▶ RECORDS FOR THE TASK:
text \<open>Finite character is what is needed here: a finitely generated ideal below \<open>\<Union>C\<close>
  already lies below one member of the chain.\<close>
lemma integral_star_ideal_Union_chain:
  assumes C: "C \<noteq> {}" "subset.chain \<A> C"
    and mem: "\<And>X. X \<in> C \<Longrightarrow> integral_star_ideal D st X \<and> X \<noteq> D"
  shows "integral_star_ideal D st (\<Union>C)" and "\<Union>C \<noteq> D"
proof -
  let ?U = "\<Union>C"
  obtain X0 where X0: "X0 \<in> C" using C(1) by blast
  have iX: "integral_star_ideal D st X" and nX: "X \<noteq> D" if "X \<in> C" for X
    using mem[OF that] by auto
  have smX: "submod D X" and stX: "st X = X" and XD: "X \<subseteq> D" if "X \<in> C" for X
    using integral_star_idealD[OF iX[OF that]] by auto
  have smU: "submod D ?U" using submod_Union_chain[OF C] smX by blast
  have UD: "?U \<subseteq> D" using XD by blast
  have "1 \<notin> X" if "X \<in> C" for X using one_notin_integral_star_ideal iX nX that by blast
  then show "?U \<noteq> D" using one_mem by blast
  obtain a where a: "a \<in> X0" "a \<noteq> 0"
    using frac_ideal_nonzero_mem integral_star_idealD(1)[OF iX[OF X0]] by blast
  have fU: "frac_ideal D ?U" using frac_ideal_integralI[OF smU UD, of a] a X0 by blast
  have "st ?U \<subseteq> ?U"
  proof
    fix x assume "x \<in> st ?U"
    then obtain G where G: "fg_frac_ideal D G" "G \<subseteq> ?U" "x \<in> st G"
      using mem_star_finite_character fU by blast
    obtain S where S: "finite S" "G = generated D S" using fg_frac_ideal_generators G(1) by blast
    have SU: "S \<subseteq> ?U" using generators_subset_generated S G(2) by blast
    obtain X where X: "X \<in> C" "S \<subseteq> X"
      using finite_subset_Union_chain[OF S(1) SU C] .
    have "G \<subseteq> X" using generated_least[OF S(1) smX[OF X(1)] X(2)] S(2) by simp
    then have "st G \<subseteq> st X"
      using star_mono[OF fg_frac_idealD[OF G(1)] integral_star_idealD(1)[OF iX[OF X(1)]]] by blast
    then show "x \<in> ?U" using G(3) stX X(1) by blast
  qed
  then show "integral_star_ideal D st ?U"
    unfolding integral_star_ideal_def star_ideal_def using star_extensive[OF fU] fU UD by blast
qed

lemma exists_max_star_ideal:
  assumes "integral_star_ideal D st J" "J \<noteq> D"
  shows "\<exists>M. max_star_ideal D st M \<and> J \<subseteq> M"
proof -
  let ?A = "{X. integral_star_ideal D st X \<and> X \<noteq> D \<and> J \<subseteq> X}"
  have "\<exists>M\<in>?A. \<forall>X\<in>?A. M \<subseteq> X \<longrightarrow> X = M"
  proof (rule subset_Zorn_nonempty)
    show "?A \<noteq> {}" using assms by blast
  next
    fix C assume C: "C \<noteq> {}" "subset.chain ?A C"
    then have CA: "C \<subseteq> ?A" unfolding subset_chain_def by blast
    have "integral_star_ideal D st (\<Union>C)" "\<Union>C \<noteq> D"
      using integral_star_ideal_Union_chain[OF C] CA by blast+
    moreover have "J \<subseteq> \<Union>C" using C(1) CA by blast
    ultimately show "\<Union>C \<in> ?A" by blast
  qed
  then obtain M where "M \<in> ?A" "\<forall>X\<in>?A. M \<subseteq> X \<longrightarrow> X = M" by blast
  then have "max_star_ideal D st M" "J \<subseteq> M" unfolding max_star_ideal_def by blast+
  then show ?thesis by blast
qed

lemma star_eq_carrier_if_no_max_above:
  assumes "frac_ideal D S" "S \<subseteq> D"
    and "\<And>M. max_star_ideal D st M \<Longrightarrow> S \<subseteq> M \<Longrightarrow> False"
  shows "st S = D"
  using exists_max_star_ideal[OF integral_star_ideal_star[OF assms(1,2)]]
    star_extensive[OF assms(1)] assms(3) by blast
definition adj_rel :: "nat set set \<Rightarrow> (nat \<times> nat) set" where
  "adj_rel F = {(x, y). {x, y} \<in> F}"

definition graph_connected :: "nat set \<Rightarrow> nat set set \<Rightarrow> bool" where
  "graph_connected W F \<longleftrightarrow> (\<forall>x\<in>W. \<forall>y\<in>W. (x, y) \<in> (adj_rel F)\<^sup>*)"

definition simple_graph :: "nat set \<Rightarrow> nat set set \<Rightarrow> bool" where
  "simple_graph V E \<longleftrightarrow> (\<forall>e\<in>E. e \<subseteq> V \<and> card e = 2)"

text \<open>A tree: connected and acyclic, acyclicity expressed as: removing any edge
  disconnects its endpoints (no edge lies on a cycle).\<close>
definition is_tree :: "nat set \<Rightarrow> nat set set \<Rightarrow> bool" where
  "is_tree V E \<longleftrightarrow> finite V \<and> simple_graph V E \<and> graph_connected V E \<and>
     (\<forall>e\<in>E. \<forall>x y. e = {x, y} \<longrightarrow> (x, y) \<notin> (adj_rel (E - {e}))\<^sup>*)"

definition steiner_dist :: "nat set \<Rightarrow> nat set set \<Rightarrow> nat set \<Rightarrow> nat" where
  "steiner_dist V E U = (LEAST m. \<exists>W F. U \<subseteq> W \<and> W \<subseteq> V \<and> F \<subseteq> E \<and>
       (\<forall>f\<in>F. f \<subseteq> W) \<and> graph_connected W F \<and> card F = m)"

text \<open>A(e): vertex set of the component of T - e containing the smaller endpoint of e.
  (The choice of side only changes a'_e by a sign.)\<close>
definition side_A :: "nat set \<Rightarrow> nat set set \<Rightarrow> nat set \<Rightarrow> nat set" where
  "side_A V E e = {v \<in> V. (Min e, v) \<in> (adj_rel (E - {e}))\<^sup>*}"

definition a_prime :: "nat \<Rightarrow> nat set set \<Rightarrow> nat set \<Rightarrow> nat \<Rightarrow> real" where
  "a_prime n E e v = (if v \<in> side_A {1..n} E e then 1 else 0)
                      - real (card (side_A {1..n} E e)) / real n"

definition P_T :: "nat \<Rightarrow> nat set set \<Rightarrow> (nat \<Rightarrow> real) \<Rightarrow> nat set \<Rightarrow> real" where
  "P_T n E c e = (\<Sum>v\<in>{1..n}. a_prime n E e v * c v)"

definition hm_form :: "'a set \<Rightarrow> nat \<Rightarrow> ((nat \<Rightarrow> 'a) \<Rightarrow> real) \<Rightarrow> (nat \<Rightarrow> 'a \<Rightarrow> real) \<Rightarrow> real" where
  "hm_form I k H x = (\<Sum>i\<in>Pi\<^sub>E {..<k} (\<lambda>_. I). H i * (\<Prod>j<k. x j (i j)))"

definition steiner_hm :: "nat \<Rightarrow> nat set set \<Rightarrow> nat \<Rightarrow> (nat \<Rightarrow> nat) \<Rightarrow> real" where
  "steiner_hm n E k i = real (steiner_dist {1..n} E (i ` {..<k}))"

definition identity_hm :: "nat \<Rightarrow> (nat \<Rightarrow> 'a) \<Rightarrow> real" where
  "identity_hm k i = (if \<forall>j<k. i j = i 0 then 1 else 0)"

end

theory Submission
  imports Defs
begin

text \<open>In a tree the Steiner tree of a nonempty set \<open>U\<close> consists exactly of the edges \<open>e\<close>
  whose two sides \<open>A(e)\<close>, \<open>B(e)\<close> both meet \<open>U\<close>: every such edge is needed, and any other
  edge can be cut off together with the side that misses \<open>U\<close>. Hence
  \<open>S(U) = \<Sum>e. 1 - [U \<subseteq> A(e)] - [U \<subseteq> B(e)]\<close>, and each indicator \<open>[i\<^sub>1,...,i\<^sub>k \<in> X]\<close> is a
  rank-one hypermatrix whose form is the product over \<open>j\<close> of the sums of \<open>c\<^sub>j\<close> over \<open>X\<close>.
  For \<open>c\<^sub>j\<close> summing to zero the constant term vanishes and the sum of \<open>c\<^sub>j\<close> over \<open>B(e)\<close> is
  minus that over \<open>A(e)\<close>, which is \<open>a'\<^sub>e\<^sup>T c\<^sub>j\<close>; as \<open>k\<close> is even, both sides of every edge
  contribute the same product.\<close>

definition connected_subgraph_containing ::
    "nat set \<Rightarrow> nat set set \<Rightarrow> nat set \<Rightarrow> nat set \<Rightarrow> nat set set \<Rightarrow> bool" where
  "connected_subgraph_containing V E U W F \<longleftrightarrow>
     U \<subseteq> W \<and> W \<subseteq> V \<and> F \<subseteq> E \<and> (\<forall>f\<in>F. f \<subseteq> W) \<and> graph_connected W F"

lemma steiner_dist_altdef:
  "steiner_dist V E U = (LEAST m. \<exists>W F. connected_subgraph_containing V E U W F \<and> card F = m)"
  by (simp add: steiner_dist_def connected_subgraph_containing_def conj_assoc)

definition separates :: "nat set \<Rightarrow> nat set set \<Rightarrow> nat set \<Rightarrow> nat set \<Rightarrow> bool" where
  "separates V E e U \<longleftrightarrow> \<not> U \<subseteq> side_A V E e \<and> \<not> U \<subseteq> V - side_A V E e"

lemma adj_rel_mono: "F \<subseteq> G \<Longrightarrow> adj_rel F \<subseteq> adj_rel G"
  by (auto simp: adj_rel_def)

lemma tree_finite_edges: "is_tree V E \<Longrightarrow> finite E"
  by (meson finite_Pow_iff finite_subset is_tree_def simple_graph_def subsetI PowI)

lemma side_A_subset: "side_A V E e \<subseteq> V"
  by (auto simp: side_A_def)

lemma side_A_closed:
  assumes "simple_graph V E" and "{v, w} \<in> E - {f}"
  shows "v \<in> side_A V E f \<longleftrightarrow> w \<in> side_A V E f"
proof -
  have "v \<in> V" "w \<in> V"
    using assms by (auto simp: simple_graph_def)
  moreover have "(v, w) \<in> adj_rel (E - {f})" "(w, v) \<in> adj_rel (E - {f})"
    using assms(2) by (auto simp: adj_rel_def insert_commute)
  ultimately show ?thesis
    unfolding side_A_def by (auto intro: rtrancl_into_rtrancl)
qed

lemma tree_edge_endpoints:
  assumes T: "is_tree V E" and fE: "f \<in> E"
  obtains y where "f = {Min f, y}" "Min f \<in> side_A V E f" "y \<in> V - side_A V E f"
proof -
  have fV: "f \<subseteq> V" and "card f = 2"
    using assms by (auto simp: is_tree_def simple_graph_def)
  then obtain a b where ab: "f = {a, b}" "a \<noteq> b"
    by (auto simp: card_2_iff)
  have f_min_max: "f = {min a b, max a b}" and Min_f: "Min f = min a b"
    using ab by (auto simp: min_def max_def)
  have "(min a b, max a b) \<notin> (adj_rel (E - {f}))\<^sup>*"
    using T fE f_min_max unfolding is_tree_def by blast
  with fV f_min_max Min_f show thesis
    by (intro that[of "max a b"]) (auto simp: side_A_def)
qed

lemma separating_edge_mem:
  assumes H: "connected_subgraph_containing V E U W F" and sep: "separates V E e U"
  shows "e \<in> F"
proof (rule ccontr)
  assume "e \<notin> F"
  then have "adj_rel F \<subseteq> adj_rel (E - {e})"
    using H by (intro adj_rel_mono) (auto simp: connected_subgraph_containing_def)
  then have walks: "(adj_rel F)\<^sup>* \<subseteq> (adj_rel (E - {e}))\<^sup>*"
    by (rule rtrancl_mono)
  from sep H obtain u w where "u \<in> U" "u \<in> side_A V E e" "w \<in> U" "w \<in> V - side_A V E e"
    unfolding separates_def connected_subgraph_containing_def by blast
  moreover have "(u, w) \<in> (adj_rel F)\<^sup>*"
    using H \<open>u \<in> U\<close> \<open>w \<in> U\<close>
    unfolding connected_subgraph_containing_def graph_connected_def by blast
  ultimately show False
    using walks unfolding side_A_def by (auto intro: rtrancl_trans)
qed

text \<open>Collapsing everything outside \<open>S\<close> onto \<open>p\<close> maps walks to walks: the only edge
  leaving \<open>S\<close> is \<open>f\<close>, and it collapses to the vertex \<open>p\<close>.\<close>

lemma adj_rel_rtrancl_retract:
  assumes FE: "F \<subseteq> E" and f: "f = {p, q}" and "p \<in> S" "q \<notin> S"
    and closed: "\<And>v w. {v, w} \<in> E - {f} \<Longrightarrow> v \<in> S \<longleftrightarrow> w \<in> S"
    and "(a, b) \<in> (adj_rel F)\<^sup>*"
  shows "(if a \<in> S then a else p, if b \<in> S then b else p) \<in> (adj_rel {g\<in>F. g \<subseteq> S})\<^sup>*"
  using \<open>(a, b) \<in> (adj_rel F)\<^sup>*\<close>
proof (induction rule: rtrancl_induct)
  case base
  show ?case by simp
next
  case (step b c)
  have bc: "{b, c} \<in> F"
    using step(2) by (simp add: adj_rel_def)
  consider "b \<in> S" "c \<in> S" | "b \<notin> S" "c \<notin> S" | "{b, c} = f"
    using closed bc FE by blast
  then show ?case
  proof cases
    case 1
    then have "(b, c) \<in> adj_rel {g\<in>F. g \<subseteq> S}"
      using bc by (simp add: adj_rel_def)
    with 1 step(3) show ?thesis by (simp add: rtrancl_into_rtrancl)
  next
    case 2
    with step(3) show ?thesis by simp
  next
    case 3
    with f \<open>p \<in> S\<close> \<open>q \<notin> S\<close> step(3) show ?thesis
      by (auto simp: doubleton_eq_iff)
  qed
qed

▶ WORK ORDER: Select all lines with the word "vertex" from the entries above.

▶ ANSWER SECTION:
text \<open>A(e): vertex set of the component of T - e containing the smaller endpoint of e.
  leaving \<open>S\<close> is \<open>f\<close>, and it collapses to the vertex \<open>p\<close>.\<close>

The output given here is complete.